◆ Activity
Return each line of the entries that mentions the word "fixes".

◆ Source material
★ ★ ★ ★ ★ ★ ★
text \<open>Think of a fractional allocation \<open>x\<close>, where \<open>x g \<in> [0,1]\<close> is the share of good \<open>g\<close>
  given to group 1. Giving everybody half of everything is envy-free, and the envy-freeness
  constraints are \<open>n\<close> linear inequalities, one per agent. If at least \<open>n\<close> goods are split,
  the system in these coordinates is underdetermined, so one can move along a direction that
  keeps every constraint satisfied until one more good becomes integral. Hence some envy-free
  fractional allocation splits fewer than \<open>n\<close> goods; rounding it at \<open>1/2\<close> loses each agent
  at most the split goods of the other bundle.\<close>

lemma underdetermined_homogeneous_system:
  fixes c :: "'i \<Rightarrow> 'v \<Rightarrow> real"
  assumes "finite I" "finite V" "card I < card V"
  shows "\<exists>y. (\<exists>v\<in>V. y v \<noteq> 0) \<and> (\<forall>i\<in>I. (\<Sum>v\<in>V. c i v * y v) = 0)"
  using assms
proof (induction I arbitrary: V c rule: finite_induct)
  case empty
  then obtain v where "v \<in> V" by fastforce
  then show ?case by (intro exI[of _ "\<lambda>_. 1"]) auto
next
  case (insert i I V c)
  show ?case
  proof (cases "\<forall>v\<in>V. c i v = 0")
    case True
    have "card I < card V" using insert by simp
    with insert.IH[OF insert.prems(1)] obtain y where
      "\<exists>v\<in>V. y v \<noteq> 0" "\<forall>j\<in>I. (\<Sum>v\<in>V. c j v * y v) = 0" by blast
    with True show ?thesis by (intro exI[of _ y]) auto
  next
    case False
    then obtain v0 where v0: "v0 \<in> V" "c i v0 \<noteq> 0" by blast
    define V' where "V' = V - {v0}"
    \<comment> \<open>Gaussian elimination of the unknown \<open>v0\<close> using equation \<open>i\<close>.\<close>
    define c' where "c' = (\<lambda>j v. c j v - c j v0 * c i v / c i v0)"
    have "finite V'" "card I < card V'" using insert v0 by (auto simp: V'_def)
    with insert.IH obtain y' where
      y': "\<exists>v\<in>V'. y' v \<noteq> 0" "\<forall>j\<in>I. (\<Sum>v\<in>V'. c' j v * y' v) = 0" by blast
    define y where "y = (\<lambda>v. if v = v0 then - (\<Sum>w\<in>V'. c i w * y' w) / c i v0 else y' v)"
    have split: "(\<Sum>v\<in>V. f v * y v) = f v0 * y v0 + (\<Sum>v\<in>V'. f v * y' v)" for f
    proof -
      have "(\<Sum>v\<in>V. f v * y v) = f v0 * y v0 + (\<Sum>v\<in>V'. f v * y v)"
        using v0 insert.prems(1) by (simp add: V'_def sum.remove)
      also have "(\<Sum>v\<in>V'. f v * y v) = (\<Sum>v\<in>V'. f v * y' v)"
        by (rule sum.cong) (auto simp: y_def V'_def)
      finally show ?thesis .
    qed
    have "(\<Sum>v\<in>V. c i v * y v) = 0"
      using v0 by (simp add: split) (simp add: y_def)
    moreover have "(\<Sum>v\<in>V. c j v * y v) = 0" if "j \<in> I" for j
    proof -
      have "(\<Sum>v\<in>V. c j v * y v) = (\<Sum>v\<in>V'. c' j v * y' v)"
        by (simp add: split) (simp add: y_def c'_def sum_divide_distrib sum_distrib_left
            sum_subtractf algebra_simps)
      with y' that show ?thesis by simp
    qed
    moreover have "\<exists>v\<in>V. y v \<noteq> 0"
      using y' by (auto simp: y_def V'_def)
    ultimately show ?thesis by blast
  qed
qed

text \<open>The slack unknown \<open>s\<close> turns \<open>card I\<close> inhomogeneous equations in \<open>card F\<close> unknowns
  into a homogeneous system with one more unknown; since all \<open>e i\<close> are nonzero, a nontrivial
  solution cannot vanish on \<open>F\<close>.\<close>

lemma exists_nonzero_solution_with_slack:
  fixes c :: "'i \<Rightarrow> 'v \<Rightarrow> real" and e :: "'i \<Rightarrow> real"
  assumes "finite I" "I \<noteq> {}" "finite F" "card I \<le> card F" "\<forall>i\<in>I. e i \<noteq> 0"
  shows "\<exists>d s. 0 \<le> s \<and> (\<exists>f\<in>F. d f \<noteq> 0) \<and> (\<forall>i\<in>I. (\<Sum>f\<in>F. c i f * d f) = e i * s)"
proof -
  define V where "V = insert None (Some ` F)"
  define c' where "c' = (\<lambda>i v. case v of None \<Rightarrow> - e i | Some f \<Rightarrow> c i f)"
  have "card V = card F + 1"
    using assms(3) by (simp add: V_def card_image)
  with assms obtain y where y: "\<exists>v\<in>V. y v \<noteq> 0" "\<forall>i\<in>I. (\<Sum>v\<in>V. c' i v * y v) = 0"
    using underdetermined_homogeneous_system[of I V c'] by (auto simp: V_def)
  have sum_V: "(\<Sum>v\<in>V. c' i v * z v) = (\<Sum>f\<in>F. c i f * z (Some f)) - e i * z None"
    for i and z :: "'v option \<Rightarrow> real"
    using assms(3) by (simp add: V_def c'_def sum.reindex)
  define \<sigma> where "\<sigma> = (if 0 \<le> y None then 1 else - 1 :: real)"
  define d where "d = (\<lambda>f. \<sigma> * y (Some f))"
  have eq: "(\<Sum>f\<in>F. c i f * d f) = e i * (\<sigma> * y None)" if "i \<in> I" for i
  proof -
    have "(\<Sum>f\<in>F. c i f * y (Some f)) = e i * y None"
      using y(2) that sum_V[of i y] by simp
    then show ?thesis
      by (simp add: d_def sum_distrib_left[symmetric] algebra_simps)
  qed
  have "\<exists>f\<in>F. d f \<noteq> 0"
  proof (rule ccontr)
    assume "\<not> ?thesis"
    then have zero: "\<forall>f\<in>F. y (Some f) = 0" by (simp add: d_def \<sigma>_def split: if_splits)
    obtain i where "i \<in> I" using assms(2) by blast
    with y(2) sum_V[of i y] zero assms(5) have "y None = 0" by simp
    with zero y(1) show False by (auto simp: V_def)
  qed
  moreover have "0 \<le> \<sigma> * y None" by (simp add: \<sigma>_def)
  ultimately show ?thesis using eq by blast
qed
★ ★ ★ ★ ★ ★ ★
◆ Task output
  fixes c :: "'i \<Rightarrow> 'v \<Rightarrow> real"
  fixes c :: "'i \<Rightarrow> 'v \<Rightarrow> real" and e :: "'i \<Rightarrow> real"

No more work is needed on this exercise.